Each round begins with a conference step where everyone comes together to make plans.

Sitting around "making plans" with people with clearly divergent interests (China, nice example!) kind of reminds me of trying to agree with your wife on doing house renovations, and no, I did not get my Kegerator with a through-the-wall tap to the bedroom deck outside.

What part of that was "impractical" I have no idea.

In any case...

Each card shows a different action and many of these cards have costs. How do you pay these costs?

This might be the most difficult question of all. It's the crux of the problem, the delicate and difficult balance that must be struck between material prosperity with all its attendant benefits to the health and well being of citizens and the sacrifices they are being asked to make for still-barely defined benefits. How they address this puzzle may be the game's biggest achievement.

Well, there's no money in the game.

Oh.

I kind of stopped watching at that point, although that may have been the coma I was drifting into listening to his droning monotone which I'm sure is in no way an indication of the visceral excitement this game surely engenders.
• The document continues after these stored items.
text \<open>The Berezinian formula R_{phi o gamma}(a,z) = ber_phi(R_gamma(a,z)).  With L = gamma(ln(1+az)),
  u = R_gamma - 1 satisfies u' = L' (1 + u); hence both sides solve F' = M(L') F, F(0) = 1.\<close>
lemma char_fun_comp:
  fixes \<gamma> :: "'a::{real_algebra_1,comm_ring_1} \<Rightarrow> 'b::{real_algebra_1,comm_ring_1}"
    and \<phi> :: "'b \<Rightarrow> 'c::{real_algebra_1,comm_ring_1}"
  assumes lg: "linear \<gamma>" and lp: "linear \<phi>" and van: "\<And>xs. length xs = Suc n \<Longrightarrow> frob \<phi> xs = 0"
  shows "char_fun (\<phi> \<circ> \<gamma>) a = ber_ext n \<phi> (char_fun \<gamma> a)"
proof -
  let ?M = "fps_map_coeff \<phi>"
  define L where "L = Abs_fps (\<lambda>k. \<gamma> (fln1p scaleR a $ k))"
  define u where "u = char_fun \<gamma> a - 1"
  interpret rb: real_hom "of_real :: real \<Rightarrow> 'b" by (rule real_hom_of_real)
  interpret rc: real_hom "of_real :: real \<Rightarrow> 'c" by (rule real_hom_of_real)
  have L0: "L $ 0 = 0" by (simp add: L_def fln1p_def linear_0[OF lg])
  have R: "char_fun \<gamma> a = fexp scaleR L" by (simp add: char_fun_def char_fun_gen_def L_def)
  have dR: "fps_deriv (char_fun \<gamma> a) = fps_deriv L * char_fun \<gamma> a"
    unfolding R by (rule rb.fexp_deriv[OF scaleR_conv_of_real L0])
  have u0: "u $ 0 = 0" unfolding u_def R by (simp add: rb.fexp_0[OF scaleR_conv_of_real])
  have du: "fps_deriv u = fps_deriv L + fps_deriv L * u" by (simp add: u_def dR algebra_simps)
  have LM: "Abs_fps (\<lambda>k. \<phi> (\<gamma> (fln1p scaleR a $ k))) = ?M L" by (intro fps_ext) (simp add: L_def)
  have "fexp scaleR (?M L) = ber_ext n \<phi> (char_fun \<gamma> a)"
  proof (rule rc.ode_unique)
    show "fps_deriv (fexp scaleR (?M L)) = fps_deriv (?M L) * fexp scaleR (?M L)"
      by (rule rc.fexp_deriv[OF scaleR_conv_of_real]) (simp add: L0 linear_0[OF lp])
    show "fps_deriv (ber_ext n \<phi> (char_fun \<gamma> a)) = fps_deriv (?M L) * ber_ext n \<phi> (char_fun \<gamma> a)"
      using truncated_exp_deriv[OF lp van du]
      by (simp add: ber_ext_truncated_exp[OF lp] u_def fps_map_coeff_deriv[OF lp, symmetric])
    show "fexp scaleR (?M L) $ 0 = ber_ext n \<phi> (char_fun \<gamma> a) $ 0"
      using truncated_exp_nth0[OF lp u0]
      by (simp add: rc.fexp_0[OF scaleR_conv_of_real] ber_ext_truncated_exp[OF lp] u_def)
  qed
  then show ?thesis by (simp add: char_fun_def char_fun_gen_def LM)
qed


section \<open>Composition of Frobenius homomorphisms\<close>

lemma char_fun_degree:
  fixes \<gamma> :: "'a::{real_algebra_1,comm_ring_1} \<Rightarrow> 'b::{real_algebra_1,comm_ring_1}"
  assumes "frob_hom m \<gamma>" and "k > m"
  shows "(char_fun \<gamma> a - 1) $ k = 0"
proof -
  have "frob \<gamma> (replicate k a) = 0" using assms by (simp add: frob_hom_def)
  then show ?thesis using assms by (simp add: char_fun_diag frob_hom_def frob_diag_def)
qed

text \<open>The diagonal value P_{nm+1}(a) of phi o gamma vanishes: by the Berezinian formula,
  R_{phi o gamma}(a,z) = sum_{k<=n} P^M_k(R_gamma - 1)/k! has degree at most nm, and its
  coefficient of z^(nm+1) is P_{nm+1}(a)/(nm+1)!.\<close>
lemma frob_comp_diag_vanish:
  fixes \<gamma> :: "'a::{real_algebra_1,comm_ring_1} \<Rightarrow> 'b::{real_algebra_1,comm_ring_1}"
    and \<phi> :: "'b \<Rightarrow> 'c::{real_algebra_1,comm_ring_1}"
  assumes \<gamma>: "frob_hom m \<gamma>" and \<phi>: "frob_hom n \<phi>"
  shows "frob (\<phi> \<circ> \<gamma>) (replicate (n * m + 1) a) = 0"
proof -
  let ?M = "fps_map_coeff \<phi>" and ?N = "n * m + 1"
  have lg: "linear \<gamma>" and lp: "linear \<phi>" and vp: "\<And>xs. length xs = Suc n \<Longrightarrow> frob \<phi> xs = 0"
    using \<gamma> \<phi> by (simp_all add: frob_hom_def)
  define u where "u = char_fun \<gamma> a - 1"
  have deg_u: "\<forall>i>m. u $ i = 0" using char_fun_degree[OF \<gamma>] by (simp add: u_def)
  have term_vanish: "(fps_const (of_real (1 / fact k)) * frob_diag ?M k u) $ ?N = 0" if "k < Suc n" for k
  proof -
    have "k * m < ?N" using that by (simp add: less_Suc_eq_le trans_le_add1 mult_le_mono1)
    then show ?thesis
      by (simp add: frob_diag_fps_map_coeff_degree[where \<phi>=\<phi>, OF linear_0[OF lp] deg_u])
  qed
  have "of_real (1 / fact ?N) * frob_diag (\<phi> \<circ> \<gamma>) ?N a = char_fun (\<phi> \<circ> \<gamma>) a $ ?N"
    by (simp add: char_fun_diag linear_compose[OF lg lp])
  also have "\<dots> = (\<Sum>k<Suc n. fps_const (of_real (1 / fact k)) * frob_diag ?M k u) $ ?N"
    by (simp add: char_fun_comp[OF lg lp vp] ber_ext_truncated_exp[OF lp] u_def)
  also have "\<dots> = 0" unfolding fps_sum_nth using term_vanish by (intro sum.neutral) simp
  finally have "of_real (1 / fact ?N) * frob_diag (\<phi> \<circ> \<gamma>) ?N a = (0::'c)" .
  then have "frob_diag (\<phi> \<circ> \<gamma>) ?N a = 0"
    by (rule real_hom.e_reciprocal_cancel[OF real_hom_of_real, rotated]) (rule fact_nonzero)
  then show ?thesis by (simp add: frob_diag_def)
qed

theorem mainTheorem9:
  fixes \<gamma> :: "'a::{real_algebra_1,comm_ring_1} \<Rightarrow> 'b::{real_algebra_1,comm_ring_1}"
    and \<phi> :: "'b \<Rightarrow> 'c::{real_algebra_1,comm_ring_1}"
    and n m :: nat
  assumes "n \<ge> 1" and "m \<ge> 1"
    and "frob_hom m \<gamma>" and "frob_hom n \<phi>"
  shows "frob_hom (n * m) (\<phi> \<circ> \<gamma>) \<and>
         (\<forall>a. char_fun (\<phi> \<circ> \<gamma>) a = ber_ext n \<phi> (char_fun \<gamma> a))"
proof -
  have lg: "linear \<gamma>" and g1: "\<gamma> 1 = of_nat m"
    using assms(3) by (auto simp: frob_hom_def)
  have lp: "linear \<phi>" and p1: "\<phi> 1 = of_nat n" and vp: "\<And>xs. length xs = Suc n \<Longrightarrow> frob \<phi> xs = 0"
    using assms(4) by (auto simp: frob_hom_def)
  have lin: "linear (\<phi> \<circ> \<gamma>)" using lg lp by (rule linear_compose)
  have unit: "(\<phi> \<circ> \<gamma>) 1 = of_nat (n * m)"
    using linear_scale[OF lp, of "real m" 1] by (simp add: g1 p1 scaleR_conv_of_real mult.commute)
  have "frob (\<phi> \<circ> \<gamma>) xs = 0" if "length xs = n * m + 1" for xs
    using frob_polarize[OF lin frob_comp_diag_vanish[OF assms(3,4)] that] .
  then have "frob (\<phi> \<circ> \<gamma>) xs = 0" if "length xs \<ge> n * m + 1" for xs
    using frob_vanish_longer that by (metis le_add2)
  then show ?thesis using lin unit char_fun_comp[OF lg lp vp] by (simp add: frob_hom_def)
qed

end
However, I did explore the Daybreak site to check out some more exciting elements of game play, like fun and colorful action cards that allow you to forfeit freedom and personal independence and instead grow increasingly reliant on the state.

There are also a set of what I call "hysteria cards." Infrastructure meltdowns, forest fires, global financial crises and more.

There are also "hundreds of original illustrations that portray a richly detailed world of international cooperation, mutual aid, and abundance."

Such as this green utopia of eco-friendly windmills residing in a picturesque wheat field.

Followed by this depiction of eco-friendly public transit whisking you through the countryside with what few birds remain after having been slaughtered by your eco-friendly windmills.

The ABC piece takes a detour at one point trying to retcon your childhood.

"But what we discovered is actually that game makers and game designers have just been fascinated by environmental issues and have made a lot of games about environmental issues over the last 50 years," Sheu said.

She said some of those games, like Litterbug a children's game that teaches about the consequences of littering or Clean Water, a game created after the passage of the Clean Water Act, came at a time in the 1970s when people were becoming a lot more politically engaged and aware of environmental issues.

Just like Monopoly and Clue, those games were so popular that you can still find them to this day.

In museums.

Also, eBay.

I was a kid in the '70s and have no memory of these games whatsoever, but then again my friends and I were probably too busy impaling ourselves with Jarts at the time.

Daybreak is a 100% cooperative game, where you and your friends will puzzle over tense decisions, celebrate memorable wins, and lament narrow losses. And if you're anything like us, you'll be standing around the board, talking and strategizing, long after the game is over.

I'm pretty sure I'm nothing like them.